Мужчины не мигая смотрели друг на друга в напряженной тишине. Макет человека, его бледная калька, а напротив — законченное архитектурное творение.
Рут заговорила со стариком с той немного монотонной интонацией, с какой обращаются к детям, беспомощным больным или немым:
— Видите? Посмотрите, кто это, видите? Ваш старый приятель снова здесь. Вы рады его видеть?
Казалось невозможным, чтобы эти глаза засверкали еще ярче, но случилось именно так.
Она обратилась к Таунсенду, и ее голос ожил и потеплел:
— Как прошла ночь, Дэнни?
— Великолепно, Рут. Ты позаботилась решительно обо всем.
— А я так волновалась, что почти всю ночь не могла сомкнуть глаз.
— Почему же?
— Потому что позволила тебе поселиться так близко. Чем больше я об этом думаю, тем более легкомысленным и безумным мне все это представляется. Тебе удалось уговорить меня… Но для тебя это самое неподходящее место в мире!
Он загадочно усмехнулся и ничего не ответил. Он впервые видел Рут за работой. На ней не было того, что называется форменной одеждой, если не считать формой желтое платье из жесткого, словно накрахмаленного материала, с бретельками через плечи и фартучек из той же материи, завязанный сзади на талии. Но сейчас она выглядела наряднее, чем в тот день, когда выбежала на улицу из многоквартирного дома на Уатт-стрит, заметив и узнав Таунсенда.

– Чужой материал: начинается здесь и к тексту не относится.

lemma tempered_entropy_term_convex_below_2:
  assumes "t < 2"
  shows "convex_on {0..} (tempered_entropy_term t v)"
proof (cases "t = 1")
  case True
  then show ?thesis
    by (intro convex_on_affine_add[OF x_ln_x_convex_atLeast_0, of _ "- ln v - 1" "1 + logt 0 v"])
       (simp add: tempered_entropy_term_1_eq)
next
  case False
  define c where "c = v powr (1 - t) / (1 - t)"
  have eq: "tempered_entropy_term t v w = (1 / (1 - t) - 1 / (2 - t)) * w
      + (1 / (2 - t) + logt (t - 1) v) + c * - (w powr tstar t)" if "w \<in> {0..}" for w
    using that tempered_entropy_term_eq[OF False _, of w v] assms by (simp add: c_def)
  consider "t < 1" | "1 < t"
    using False by linarith
  then have "convex_on {0..} (\<lambda>w. c * - (w powr tstar t))"
  proof cases
    case 1
    then have "0 < tstar t" "tstar t \<le> 1" "0 \<le> c"
      by (simp_all add: tstar_def c_def)
    then show ?thesis
      by (intro convex_on_cmul) (simp_all add: powr_concave_atLeast_0 flip: concave_on_def)
  next
    case 2
    then have "1 \<le> tstar t" "c \<le> 0"
      using assms by (simp_all add: tstar_def c_def divide_nonneg_neg)
    then have "convex_on {0..} (\<lambda>w. - c * w powr tstar t)"
      by (intro convex_on_cmul powr_convex_atLeast_0) simp_all
    then show ?thesis
      by simp
  qed
  then show ?thesis
    by (rule convex_on_affine_add) (rule eq)
qed

text \<open>For \<open>t > 2\<close> the exponent \<open>t*\<close> is negative, so \<open>0\<close> must be excluded: there
\<open>0 powr t* = 0\<close> is a junk value.\<close>

lemma tempered_entropy_term_convex_above_2:
  assumes "2 < t"
  shows "convex_on {0<..} (tempered_entropy_term t v)"
proof -
  have "tstar t \<le> 0" "v powr (1 - t) / (1 - t) \<le> 0"
    using assms by (simp_all add: tstar_def divide_nonneg_neg)
  then have "convex_on {0<..} (\<lambda>w. - (v powr (1 - t) / (1 - t)) * w powr tstar t)"
    by (intro convex_on_cmul powr_convex_nonpos) simp_all
  then show ?thesis
    by (rule convex_on_affine_add)
       (use assms tempered_entropy_term_eq[of t _ v] in simp)
qed

definition co_mixture :: "real \<Rightarrow> real \<Rightarrow> ('a \<Rightarrow> 'b \<Rightarrow> real) \<Rightarrow> ('a \<Rightarrow> 'b \<Rightarrow> real)
    \<Rightarrow> 'a \<Rightarrow> 'b \<Rightarrow> real" where
  "co_mixture t \<beta> P Q = (\<lambda>i j. (\<beta> * P i j powr (1 / tstar t) + (1 - \<beta>) * Q i j powr (1 / tstar t))
      powr tstar t)"

lemma co_mixture_nonneg: "0 \<le> co_mixture t \<beta> P Q i j"
  by (simp add: co_mixture_def)

lemma co_mixture_powr_inverse_tstar:
  assumes "t \<noteq> 2" "0 \<le> \<beta>" "\<beta> \<le> 1"
  shows "co_mixture t \<beta> P Q i j powr (1 / tstar t)
    = \<beta> * P i j powr (1 / tstar t) + (1 - \<beta>) * Q i j powr (1 / tstar t)"
  using assms by (simp add: co_mixture_def powr_tstar_powr_inverse)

— Он ждет, что ты поздороваешься с ним, — просительно вымолвила Рут и наклонилась к своему подопечному. — Доставь ему радость, Дэнни, он просто умоляет тебя об этом. Я ведь знаю, чего он хочет. — Она засмеялась. — Помнишь, какие горячие споры вы вели? Какие слова ты говорил ему, когда никого не было рядом! Не потому, что был сердит или что-то имел против него, а просто так, для забавы. Какой смешной язык! — Она рассмеялась, вспоминая. — Какой-то шифр, известный только вам двоим. И ему нравилась твоя неприличная тарабарщина. Наверное, это был твой особый способ выражать ему симпатию. Ну, поздоровайся с ним. Я отойду, не стану вам мешать.
Она отпустила ручку кресла и отошла в сторону. Глаза в инвалидном кресле заблестели.
По-видимому, Таунсенд должен был находить их общение забавным, однако ничего забавного в этом он не находил. Ситуация представлялась ему горькой, даже трагической. Он чувствовал себя беспомощным, его охватила неясная грусть.
Он провел двумя пальцами под воротником, с трудом проглотил слюну и заговорил запинающимся, натужным голосом, но постепенно вошел в роль.
Глаза у старика сияли радостью, когда Рут вернулась к мужчинам, а Таунсенд отирал пот со лба.
— Удивительно, до чего он любит твои смешные словечки, правда? — негромко проговорила Рут.
Чуть позже, когда они сидели по обе стороны кресла, Рут вдруг заметила:
— Почему он так часто моргает?
— Наверное, солнце бьет ему в глаза.
Она слегка развернула кресло.
— Вправду перестал. Наверное, все дело было в солнце.
Таунсенд закурил и некоторое время наблюдал за неподвижным лицом старика.
— Смотри, снова моргает, — сказал он, понизив голос.
— Может быть, он переутомился. Глаза устали — вот и моргает.
— Он прекращает моргать, как только замечает, что ты за ним наблюдаешь, — нахмурился Таунсенд, — и снова начинает моргать, когда на него смотрю только я.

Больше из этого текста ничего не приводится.